Layers containing the files added to our demo image

Once built, a Docker image is typically published to a Docker registry using the docker push command. The following example shows what happens when our image is published to the DockerHub registry after being properly tagged: the three layers are pushed, and their short hashes are displayed along the image ID.

$ docker tag blogpost-image:original example/blogpost-image:v0.1.0

$ docker push example/blogpost-image:v0.1.0                  
The push refers to repository [docker.io/gggvaladon/blogpost-image]
b6783ff92526: Pushed 
31dbac5402ef: Pushed 
35de1435b273: Pushed 
v0.1.0: digest: sha256:ddfa644ea64486150c8b97775a8b00c407c2c32212519cc22cc80d155b39a295 size: 943

Pushing the demo image to DockerHub

What if a layer is removed from an image?
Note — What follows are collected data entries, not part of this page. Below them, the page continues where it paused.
(* Let $\Omega\subset\mathbb{R}^2$ be a box such that $\overline{\Omega}=\bigcup_i\overline{\Omega_i}$ for at most countably many mutually disjoint boxes $\Omega_i\subset\mathbb{R}^2$, all with endpoints on the grid for the mesh size vector $h=(h_1,h_2)$. Then for every $u:\overline{\Omega}_h\to\mathbb{R}$ and $1\le p<\infty$, $$\|u\|^p_{L^p(\Omega_h)}\le\sum_i\|u\|^p_{L^p(\Omega_{i,h})}\le4\|u\|^p_{L^p(\Omega_h)},\qquad \|u\|^2_{D(\Omega_h)}\le\sum_i\|u\|^2_{D(\Omega_{i,h})}\le2\|u\|^2_{D(\Omega_h)}.$$
   Context: For a box $B=(a_1,b_1)\times(a_2,b_2)$ with $a_j=k_jh_j$, $b_j=l_jh_j$, $k_j,l_j\in\mathbb{Z}\cup\{\pm\infty\}$, $l_j-k_j>1$: $\mathbb{R}^2_h=\{(h_1z_1,h_2z_2):z_j\in\mathbb{Z}\}$, $\overline{B}_h=\overline{B}\cap\mathbb{R}^2_h$, $\partial B_h=\partial B\cap\mathbb{R}^2_h$, $\partial_j^+B_h=\partial B_h\cap\{x_j=b_j\}$, $\mathbf{h}=h_1h_2$, $D_j^+u(x)=(u(x+h_je_j)-u(x))/h_j$. Norms: $\|u\|^p_{L^p(B_h)}=\sum_{x\in\overline{B}_h}|u(x)|^p\mathbf{h}$, $\|u\|^2_{D(B_h)}=\sum_{j=1}^2\sum_{x\in\overline{B}_h\setminus\partial_j^+B_h}|D_j^+u(x)|^2\mathbf{h}$. $\Omega_{i,h}$ denotes the discretization of $\Omega_i$ in this sense. *)

theory Defs
  imports "HOL-Analysis.Analysis" "HOL-Library.Extended_Real"
begin

text \<open>A box is given by its (extended real) endpoints (a1, b1, a2, b2):
  B = (a1,b1) x (a2,b2).\<close>
type_synonym ebox = "ereal \<times> ereal \<times> ereal \<times> ereal"

definition box_set :: "ebox \<Rightarrow> (real \<times> real) set" where
  "box_set B = (case B of (a1, b1, a2, b2) \<Rightarrow>
     {x. a1 < ereal (fst x) \<and> ereal (fst x) < b1 \<and> a2 < ereal (snd x) \<and> ereal (snd x) < b2})"

definition on_grid_pt :: "real \<Rightarrow> ereal \<Rightarrow> bool" where
  "on_grid_pt h a = (a = \<infinity> \<or> a = -\<infinity> \<or> (\<exists>k::int. a = ereal (of_int k * h)))"

definition grid_box :: "real \<Rightarrow> real \<Rightarrow> ebox \<Rightarrow> bool" where
  "grid_box h1 h2 B = (case B of (a1, b1, a2, b2) \<Rightarrow>
     on_grid_pt h1 a1 \<and> on_grid_pt h1 b1 \<and> on_grid_pt h2 a2 \<and> on_grid_pt h2 b2 \<and>
     a1 \<noteq> \<infinity> \<and> b1 \<noteq> -\<infinity> \<and> a2 \<noteq> \<infinity> \<and> b2 \<noteq> -\<infinity> \<and>
     b1 - a1 > ereal h1 \<and> b2 - a2 > ereal h2)"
Let's assume that after pushing our image to the Docker Hub registry, we discovered that the MongoDB credentials were published by mistake. Note that the correct and only reflex is to revoke and renew this credential, but this blog post only focuses on the side effect of removing a layer.

To remove the layer containing the credential (i.e. 31db..713b), we have several options. Obviously, we could manually edit the manifest.json and e8ef..1da7 files to remove all references to the layer, and then rebuild the image with skopeo. A less tedious method is to use layeremove, a tool developed by Jérôme Petazzoni, which automates the manual steps. Using these two methods, the image ID and its digest will change because the manifest is modified, while the layer hash will remain the same because the corresponding tar archives are not modified.

Today we will use the simplest solution: comment out the RUN command and rebuild the image, tagging it as altered. Listing the layer hashes shows something interesting. The hash of the COPY layer has changed, while the content has not!

$ docker inspect blogpost-image:altered |jq '.[].RootFS'
{
  "Type": "layers",
  "Layers": [
    "sha256:35de1435b273af9899f19dc9185e579c3553b03a285397e01ad580f3ed607250",
    "sha256:abdd7e4717f42cafbdf90a9c5fbeeda575361d2c3704b37266c3140761e1216d"
  ]
}

Layers of our modified Docker image

Remember that Docker layers are tar archives. The tar header contains a timestamp. Because we built the two COPY layers one after the other, the timestamps are different, resulting in two different SHA256 hashes.

When we push this new image with the same name and tag, the new RUN layer (i.e. abdd..216d) is the only one pushed to the repository, since the other ones already exist.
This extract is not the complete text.